The painting (fig.1) has a support of medium weight linen canvas with a tight, plain weave.1 Before acquisition and likely in the later twentieth century, it had been lined with a mixture of wax and resin, during which the tacking margins were cut off. This treatment has made the support very rigid. It is likely that the original six-membered stretcher (fig.2), its wood bevelled fully only on the outer edges, was reused, since the width of the stretcher bar members matches the crack pattern that has developed in the paint from canvas movements against the original stretcher bars. In the same treatment, a thin aluminium panel had been placed behind the lined canvas,2 and another canvas placed on top and adhered to the plate with wax by ironing, before the re-stretching.
The ground is a cream or biscuit colour, made from lead white with yellow ochre and a small amount of coarse bone black in oil medium. The medium and lead white have reacted chemically to form lead soaps which appear as rounded aggregates (fig.3): their abundant presence makes this layer, and hence the whole painting, look darker and more transparent.
Detail in the X-radiograph is compromised by the aluminium panel, but still makes it clear that the right foot has been re-positioned slightly higher (fig.4). The pentimento has resulted in some cracking in this area. There is extensive age cracking over the entire surface, with the cracks in the centre of the canvas beginning to form cups, and some fine diagonal cracks across the lower left corner, the result of keying out the canvas since it was re-stretched. The past treatment has prevented paint loss but has emphasised the visibility of the canvas weave and made the ageing cracks more noticeable, in addition to making the paint heat-sensitive, and creating a slight bulge near the feet, where some material must have been trapped on the aluminium plate. Some of the numerous retouches rendered obvious in ultraviolet light (fig.5) have been made to losses in the paint and ground without filling and levelling, resulting in depressions in the surface.

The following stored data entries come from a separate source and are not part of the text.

lemma dyadicD:
  assumes "dyadic s V E Z"
  shows "graph V E" "sO_free s V E" "cycle_hitting V E Z" "stable E Z"
    "\<forall>v \<in> V - Z. card (nbrs E v \<inter> Z) \<le> 2" "finite V" "Z \<subseteq> V" "finite Z"
proof -
  show g: "graph V E" "sO_free s V E" and ch: "cycle_hitting V E Z" and "stable E Z"
    "\<forall>v \<in> V - Z. card (nbrs E v \<inter> Z) \<le> 2"
    using assms unfolding dyadic_def plantation_def by simp_all
  show "finite V" using g unfolding graph_def by simp
  moreover show "Z \<subseteq> V" using ch unfolding cycle_hitting_def by simp
  ultimately show "finite Z" by (rule finite_subset[rotated])
qed

lemma dyadic_explode_list:
  assumes dy: "dyadic s V E Z" and xs: "distinct xs" "set xs \<subseteq> Z"
    and res: "explode_list xs ((V, E), Z) = ((V', E'), Z')"
  shows "dyadic s V' E' Z' \<and> binary_vertices V' E' Z' \<subseteq> {b \<in> binary_vertices V E Z. nbrs E b \<inter> set xs = {}}"
proof -
  define X where "X = set xs"
  define D where "D = exploded_vertices V E Z X"
  have V': "V' = V - D" and E': "E' = {e \<in> E. e \<inter> D = {}}" and Z': "Z' = Z - X"
    using res explode_list_eq[OF xs] unfolding D_def X_def by auto
  have DZ: "D \<inter> Z \<subseteq> X" unfolding D_def exploded_vertices_def by auto
  have key: "v \<in> V - Z \<and> nbrs E v \<inter> X = {} \<and> nbrs E' v \<inter> Z' = nbrs E v \<inter> Z" if v: "v \<in> V' - Z'" for v
  proof -
    have "v \<in> V" "v \<notin> D" using v V' by auto
    moreover from this have "v \<notin> Z" using v Z' unfolding D_def exploded_vertices_def by auto
    moreover have "nbrs E v \<inter> X = {}"
      using \<open>v \<in> V\<close> \<open>v \<notin> D\<close> \<open>v \<notin> Z\<close> unfolding D_def exploded_vertices_def nbrs_def
      by (auto simp: insert_commute)
    ultimately show ?thesis using DZ unfolding E' Z' nbrs_induced[OF \<open>v \<notin> D\<close>] by auto
  qed
  have "graph V' E'" using graph_induced[OF dyadicD(1)[OF dy]] V' E' by simp
  moreover have "sO_free s V' E'" using sO_free_induced[OF dyadicD(2)[OF dy]] V' E' by simp
  moreover have "cycle_hitting V' E' Z'"
    unfolding cycle_hitting_def
  proof (intro conjI allI impI)
    show "Z' \<subseteq> V'" using dyadicD(7)[OF dy] DZ unfolding V' Z' by auto
  next
    fix vs assume c: "is_cycle V' E' vs"
    then obtain z where "z \<in> set vs" "z \<in> Z"
      using is_cycle_induced dyadicD(3)[OF dy] unfolding V' E' cycle_hitting_def by blast
    moreover have "z \<notin> D" using c \<open>z \<in> set vs\<close> unfolding is_cycle_def V' by auto
    ultimately show "set vs \<inter> Z' \<noteq> {}" unfolding Z' D_def exploded_vertices_def by auto
  qed
  moreover have "stable E' Z'" using dyadicD(4)[OF dy] unfolding stable_def E' Z' by blast
  moreover have "\<forall>v \<in> V' - Z'. card (nbrs E' v \<inter> Z') \<le> 2" using key dyadicD(5)[OF dy] by auto
  moreover have "binary_vertices V' E' Z' \<subseteq> {b \<in> binary_vertices V E Z. nbrs E b \<inter> X = {}}"
    using key unfolding binary_vertices_def by auto
  ultimately show ?thesis unfolding dyadic_def plantation_def X_def by blast
qed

The paint is well bound but thinly applied, mostly opaquely, with some areas glazed, in particular the pinkish red robe and the cap, which likely include madder, to judge by their fluorescence in ultraviolet light (fig.5). The red book on the table, for example, was painted (see fig.3) with a pink glaze made from a non-fluorescent red lake, likely carmine, applied to a bright and opaque layer of vermilion, over a pale grey underpainting, the combined paint layers all being much thinner than the ground layer. The dark brown curtain was painted with three layers of mid brown, dark brown and light brown, all thin and all including fine bone black and brown earth colours as well as lead white, the upper one glaze-like and including some natural resin (fig.6). The bright blue tablecloth was painted with a thin but intensely-coloured layer of Prussian blue in resin, now looking greenish in the cross-section (fig.7) because this resin has yellowed, over very thin but opaque mid grey paint made from lead white and bone black. There are a few lightly impasted highlights now flattened by the lining process.
It is likely that several varnishes are present, as can be seen in fig.8, the more recently applied ones being of natural resin type, with a synthetic varnish on top. This is Ketone N,3 a polycyclohexanone varnish which yellows on ageing, much as natural resin varnishes do, a type used mainly in the 1970s and 1980s. The varnishes appear milky with fine crazing, in addition to having yellowed.
Following acquisition, dirt was removed from the varnish surface and from the canvas on the reverse, while the bulge in the canvas was found to level off somewhat when the painting was maintained in a stable environment, rendering de-lining unnecessary. The yellowed varnishes and the aluminium plate are still present.
The frame was around the painting when it was acquired in 2010.4 It is nineteenth-century in origin, is a poor fit for the painting, and it has been modified in its decoration most likely during the twentieth century, perhaps to give it a more eighteenth-century appearance.